Je suis à la gare : j’ai passé les contrôles de sécurité. Je suis en transit, plus vraiment en Angleterre mais pas encore en France. Je me sens seule. Je m’installe dans le train et je lâche tout. Des litres de larmes. Je me repasse le film en boucle : je repense à tout ce qu’on a vécu et me dis que j’ai dû rater quelque chose, j’essaie de me rappeler nos conversations, ses mots. J’ai des flashes qui me reviennent : il m’a quittée, ce n’est pas possible, non, ce n’est pas possible. Et puis on sort du tunnel. D’un coup, mes larmes s’arrêtent et font place à une colère tellement intense qu’elle en devient douloureuse. Alors seulement je réalise la violence de ce que je viens de subir et l’atroce comportement de ce monstre sans cœur.

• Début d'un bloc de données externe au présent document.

text \<open>The Schur complement of a diagonal entry; for a zero diagonal entry the junk value
  \<open>1 / 0 = 0\<close> leaves \<open>A\<close> unchanged.\<close>
lemma psd_schur_complement:
  assumes A: "psd A"
  shows "psd (A - (1 / A $ i $ i) *\<^sub>R outer (A $ i))"
proof -
  let ?a = "A $ i $ i" and ?u = "A $ i"
  have "transpose (A - (1 / ?a) *\<^sub>R outer ?u) = A - (1 / ?a) *\<^sub>R outer ?u"
    using psd_symmetric[OF A] by (simp add: vec_eq_iff transpose_def mult.commute)
  moreover have "0 \<le> x \<bullet> ((A - (1 / ?a) *\<^sub>R outer ?u) *v x)" for x
  proof (cases "?a = 0")
    case True
    then show ?thesis using A by (simp add: psd_def)
  next
    case False
    define s where "s = (?u \<bullet> x) / ?a"
    have "0 \<le> (x + (- s) *\<^sub>R axis i 1) \<bullet> (A *v (x + (- s) *\<^sub>R axis i 1))"
      using A by (simp add: psd_def)
    also have "\<dots> = x \<bullet> (A *v x) - 2 * s * (?u \<bullet> x) + s\<^sup>2 * ?a"
      using A quadratic_form_add_scaleR[of A x "- s" "axis i 1"]
      by (simp add: psd_def inner_axis_mult_vec inner_axis del: scaleR_minus_left)
    also have "\<dots> = x \<bullet> (A *v x) - (?u \<bullet> x)\<^sup>2 / ?a"
      using False by (simp add: s_def power2_eq_square field_simps)
    also have "\<dots> = x \<bullet> ((A - (1 / ?a) *\<^sub>R outer ?u) *v x)"
      by (simp add: matrix_vector_mult_diff_rdistrib outer_mult_vec inner_diff_right
          power2_eq_square inner_commute flip: scaleR_matrix_vector_assoc)
    finally show ?thesis .
  qed
  ultimately show ?thesis by (simp add: psd_def)
qed
text \<open>
  Write \<open>\<mu> = (sigmoid u, sigmoid v)\<close>. Since
  \<open>kl l (sigmoid w) = l ln l + (1 - l) ln (1 - l) + softplus w - l w\<close>, the objective of the
  infimum defining \<open>g\<close> is \<open>kl l (sigmoid w)\<close> plus a constant, where \<open>w = (1 - y) u + y v\<close>.
  Hence \<open>\<lambda>(y, \<mu>) = sigmoid w\<close> and \<open>g(y, \<mu>)\<close> is the Jensen gap
  \<open>(1 - y) softplus u + y softplus v - softplus w\<close> of the strictly convex function softplus.
  So \<open>g\<close> is strictly concave in \<open>y\<close>, increasing at \<open>y = 0\<close>, and \<open>x\<^sup>\<star>(\<mu>) < c\<close> as soon as
  its slope at \<open>c\<close> is negative: \<open>(u - v) sigmoid ((1 - c) u + c v) < softplus u - softplus v\<close>.

  The condition \<open>\<lambda>(x, \<mu>) = a\<close> means \<open>(1 - x) u + x v = L\<close> with \<open>L = logit a\<close>. For \<open>L < 0\<close> the
  symmetric choice \<open>v = -u\<close> works, because then the slope condition says
  \<open>sigmoid ((1 - 2c) u) < 1/2\<close>. For \<open>L \<ge> 0\<close> put \<open>u = L + x d\<close>, \<open>v = L - (1 - x) d\<close>: the slack in the
  slope condition vanishes to first order in \<open>d\<close> and has second derivative
  \<open>(2c - 1) sigmoid'(L) > 0\<close>, so a small \<open>d > 0\<close> works.
\<close>

definition sigmoid :: "real \<Rightarrow> real" where
  "sigmoid t = exp t / (1 + exp t)"

definition softplus :: "real \<Rightarrow> real" where
  "softplus t = ln (1 + exp t)"

lemma one_plus_exp_pos: "0 < 1 + exp (t::real)"
  by (simp add: add_pos_pos)

lemma one_plus_exp_neq_zero [simp]: "1 + exp (t::real) \<noteq> 0"
  using one_plus_exp_pos[of t] by linarith

lemma sigmoid_pos: "0 < sigmoid t"
  and sigmoid_less_one: "sigmoid t < 1"
  by (simp_all add: sigmoid_def one_plus_exp_pos)

lemma sigmoid_zero: "sigmoid 0 = 1 / 2"
  by (simp add: sigmoid_def)

lemma one_minus_sigmoid: "1 - sigmoid t = 1 / (1 + exp t)"
  using one_plus_exp_pos[of t] by (simp add: sigmoid_def field_simps)

lemma sigmoid_minus: "sigmoid (- t) = 1 - sigmoid t"
  using one_plus_exp_pos[of t] by (simp add: one_minus_sigmoid sigmoid_def exp_minus field_simps)

lemma ln_sigmoid: "ln (sigmoid t) = t - softplus t"
  by (simp add: sigmoid_def softplus_def ln_div one_plus_exp_pos)

lemma ln_one_minus_sigmoid: "ln (1 - sigmoid t) = - softplus t"
  by (simp add: one_minus_sigmoid softplus_def ln_div one_plus_exp_pos)

lemma sigmoid_logit:
  assumes "0 < p" "p < 1"
  shows "sigmoid (ln (p / (1 - p))) = p"
  using assms by (simp add: sigmoid_def field_simps)

lemma strict_mono_sigmoid: "strict_mono sigmoid"
proof (rule strict_monoI)
  fix s t :: real
  assume "s < t"
  then have "exp s * (1 + exp t) < exp t * (1 + exp s)" by (simp add: algebra_simps)
  then show "sigmoid s < sigmoid t"
    by (simp add: sigmoid_def divide_simps one_plus_exp_pos)
qed

lemma softplus_minus: "softplus t - softplus (- t) = t"
proof -
  have "1 + exp t = exp t * (1 + exp (- t))" by (simp add: exp_minus field_simps)
  then show ?thesis by (simp add: softplus_def ln_mult one_plus_exp_pos)
qed

lemma has_real_derivative_softplus [derivative_intros]:
  "(f has_real_derivative f') (at t within S) \<Longrightarrow>
    ((\<lambda>t. softplus (f t)) has_real_derivative sigmoid (f t) * f') (at t within S)"
  unfolding softplus_def sigmoid_def
  by (auto intro!: derivative_eq_intros simp: one_plus_exp_pos add_pos_pos)

lemma has_real_derivative_sigmoid [derivative_intros]:
  "(f has_real_derivative f') (at t within S) \<Longrightarrow>
    ((\<lambda>t. sigmoid (f t)) has_real_derivative sigmoid (f t) * (1 - sigmoid (f t)) * f') (at t within S)"
  unfolding one_minus_sigmoid sigmoid_def
  using one_plus_exp_pos[of "f t"]
  by (auto intro!: derivative_eq_intros simp: field_simps power2_eq_square)

lemma tangent_less_of_strict_mono_deriv:
  fixes f f' :: "real \<Rightarrow> real"
  assumes f': "\<And>t. (f has_real_derivative f' t) (at t)" and "strict_mono f'" and "y \<noteq> y0"
  shows "f y0 + (y - y0) * f' y0 < f y"
proof (cases "y0 < y")
  case True
  then obtain z where "y0 < z" "z < y" "f y - f y0 = (y - y0) * f' z"
    using MVT2[of y0 y f f'] f' by blast
  moreover have "(y - y0) * f' y0 < (y - y0) * f' z"
    using \<open>strict_mono f'\<close> \<open>y0 < z\<close> True by (simp add: strict_mono_less)
  ultimately show ?thesis by linarith
next
  case False
  then have "y < y0" using \<open>y \<noteq> y0\<close> by simp
  then obtain z where "y < z" "z < y0" "f y0 - f y = (y0 - y) * f' z"
    using MVT2[of y y0 f f'] f' by blast
  moreover have "(y0 - y) * f' z < (y0 - y) * f' y0"
    using \<open>strict_mono f'\<close> \<open>z < y0\<close> \<open>y < y0\<close> by (simp add: strict_mono_less)
  ultimately show ?thesis by (simp add: algebra_simps)
qed

lemma softplus_tangent_less:
  assumes "w \<noteq> w0"
  shows "softplus w0 + (w - w0) * sigmoid w0 < softplus w"
  using tangent_less_of_strict_mono_deriv[OF _ strict_mono_sigmoid assms]
    has_real_derivative_softplus[OF DERIV_ident] by simp

lemma kl_sigmoid:
  assumes "0 < l" "l < 1"
  shows "kl l (sigmoid w) = l * ln l + (1 - l) * ln (1 - l) + softplus w - l * w"
  using assms sigmoid_pos[of w] sigmoid_less_one[of w]
  by (simp add: kl_def ln_div ln_sigmoid ln_one_minus_sigmoid algebra_simps)

lemma kl_pos:
  assumes "0 < l" "l < 1" "0 < m" "m < 1" "l \<noteq> m"
  shows "0 < kl l m"
proof -
  define w0 where "w0 = ln (l / (1 - l))"
  define w where "w = ln (m / (1 - m))"
  have l: "sigmoid w0 = l" and m: "sigmoid w = m"
    using assms by (simp_all add: w0_def w_def sigmoid_logit)
  have "kl l (sigmoid w0) = 0" using l by (simp add: kl_def)
  then have "kl l m = softplus w - softplus w0 - l * (w - w0)"
    using kl_sigmoid[OF assms(1,2), of w] kl_sigmoid[OF assms(1,2), of w0] m
    by (simp add: algebra_simps)
  moreover have "w \<noteq> w0" using assms l m by auto
  ultimately show ?thesis using softplus_tangent_less[of w w0] l by (simp add: algebra_simps)
qed

lemma gobj_sigmoid:
  assumes "0 < l" "l < 1"
  shows "gobj y (sigmoid u, sigmoid v) l
    = kl l (sigmoid ((1 - y) * u + y * v))
      + ((1 - y) * softplus u + y * softplus v - softplus ((1 - y) * u + y * v))"
  by (simp add: gobj_def kl_sigmoid[OF assms] algebra_simps)

lemma lam_sigmoid: "lam y (sigmoid u, sigmoid v) = sigmoid ((1 - y) * u + y * v)"
  unfolding lam_def
proof (rule the_equality)
  let ?G = "gobj y (sigmoid u, sigmoid v)" and ?m = "sigmoid ((1 - y) * u + y * v)"
  have m: "?m \<in> {0<..<1}" using sigmoid_pos sigmoid_less_one by simp
  have less: "?G ?m < ?G l" if "l \<in> {0<..<1}" "l \<noteq> ?m" for l
    using that m gobj_sigmoid kl_pos[of l ?m] by (simp add: kl_def)
  show "?m \<in> {0<..<1} \<and> (\<forall>l\<in>{0<..<1}. ?G ?m \<le> ?G l)"
    using m less by (metis order.order_iff_strict)
  show "l = ?m" if "l \<in> {0<..<1} \<and> (\<forall>l'\<in>{0<..<1}. ?G l \<le> ?G l')" for l
    using that m less by force
qed

lemma g_sigmoid:
  "g y (sigmoid u, sigmoid v) = (1 - y) * softplus u + y * softplus v - softplus ((1 - y) * u + y * v)"
  unfolding g_def
proof (rule cInf_eq_minimum)
  let ?m = "sigmoid ((1 - y) * u + y * v)"
  have m: "?m \<in> {0<..<1}" using sigmoid_pos sigmoid_less_one by simp
  show "(1 - y) * softplus u + y * softplus v - softplus ((1 - y) * u + y * v)
      \<in> gobj y (sigmoid u, sigmoid v) ` {0<..<1}"
    using m gobj_sigmoid[of ?m] by (intro image_eqI[where x = ?m]) (simp_all add: kl_def)
  show "(1 - y) * softplus u + y * softplus v - softplus ((1 - y) * u + y * v) \<le> z"
    if "z \<in> gobj y (sigmoid u, sigmoid v) ` {0<..<1}" for z
    using that m gobj_sigmoid kl_pos[of _ ?m] by (force simp: kl_def less_imp_le)
qed

lemma xstar_sigmoid_less:
  assumes "v < u" "c \<le> 1"
    and slope: "(u - v) * sigmoid ((1 - c) * u + c * v) < softplus u - softplus v"
  shows "xstar (sigmoid u, sigmoid v) < c"
proof -
  define h where "h y = (1 - y) * softplus u + y * softplus v - softplus ((1 - y) * u + y * v)" for y
  define h' where "h' y = softplus v - softplus u + (u - v) * sigmoid ((1 - y) * u + y * v)" for y
  have h_deriv: "((\<lambda>y. - h y) has_real_derivative - h' y) (at y)" for y
    unfolding h_def h'_def by (auto intro!: derivative_eq_intros simp: algebra_simps)
  have h'_decreasing: "strict_mono (\<lambda>y. - h' y)"
  proof (rule strict_monoI)
    fix s t :: real
    assume "s < t"
    then have "0 < (t - s) * (u - v)"
      using \<open>v < u\<close> by simp
    then have "(1 - t) * u + t * v < (1 - s) * u + s * v"
      by (simp add: algebra_simps)
    then show "- h' s < - h' t"
      using \<open>v < u\<close> strict_mono_sigmoid by (simp add: h'_def strict_mono_less)
  qed
  have "0 < h' 0"
    using softplus_tangent_less[of v u] \<open>v < u\<close> by (simp add: h'_def algebra_simps)
  moreover have "h' c < 0"
    using slope by (simp add: h'_def)
  ultimately have "0 < c"
    using strict_mono_less_eq[OF h'_decreasing, of c 0] by (auto simp: not_less[symmetric])
  have "continuous_on {0..c} h'"
    unfolding h'_def sigmoid_def by (intro continuous_intros) (simp add: one_plus_exp_pos)
  then obtain y0 where "0 \<le> y0" "y0 \<le> c" "h' y0 = 0"
    using IVT2'[of h' c 0 0] \<open>0 < h' 0\<close> \<open>h' c < 0\<close> \<open>0 < c\<close> by auto
  then have y0: "0 < y0" "y0 < c"
    using \<open>0 < h' 0\<close> \<open>h' c < 0\<close> by (auto simp: order.order_iff_strict)
  have max: "h y < h y0" if "y \<noteq> y0" for y
    using tangent_less_of_strict_mono_deriv[OF h_deriv h'_decreasing that] \<open>h' y0 = 0\<close> by simp
  have g_h: "g y (sigmoid u, sigmoid v) = h y" for y
    by (simp add: g_sigmoid h_def)
  have "xstar (sigmoid u, sigmoid v) = y0"
    unfolding xstar_def g_h
  proof (rule the_equality)
    show "y0 \<in> {0<..<1} \<and> (\<forall>y\<in>{0<..<1}. h y \<le> h y0)"
      using y0 \<open>c \<le> 1\<close> max by (metis greaterThanLessThan_iff less_eq_real_def less_le_trans)
    show "y = y0" if "y \<in> {0<..<1} \<and> (\<forall>y'\<in>{0<..<1}. h y' \<le> h y)" for y
    proof (rule ccontr)
      assume "y \<noteq> y0"
      then have "h y < h y0" by (rule max)
      moreover have "h y0 \<le> h y" using that y0 \<open>c \<le> 1\<close> by auto
      ultimately show False by simp
    qed
  qed
  with y0 show ?thesis by simp
qed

En descendant du train, j’aperçois, noyée au milieu des chauffeurs de taxi et de leurs panneaux « M. DUPOND », une grande blonde qui agite frénétiquement un petit ticket de métro sur lequel est écrit mon prénom. Ma sœur, mon roc. À ce moment, je comprends que je vis un moment important : j’approche de la trentaine, je n’ai plus de boulot, plus de maison, plus de mec, plus rien. En quelques heures, toute ma vie s’est effondrée. Le train a déraillé de sa voie bien tracée. Retour à la case départ. Et pourtant j’ai la cer-titude que je vais m’en sortir. Je ne le sais pas encore, mais ce samedi de janvier est le premier jour de ma nouvelle vie.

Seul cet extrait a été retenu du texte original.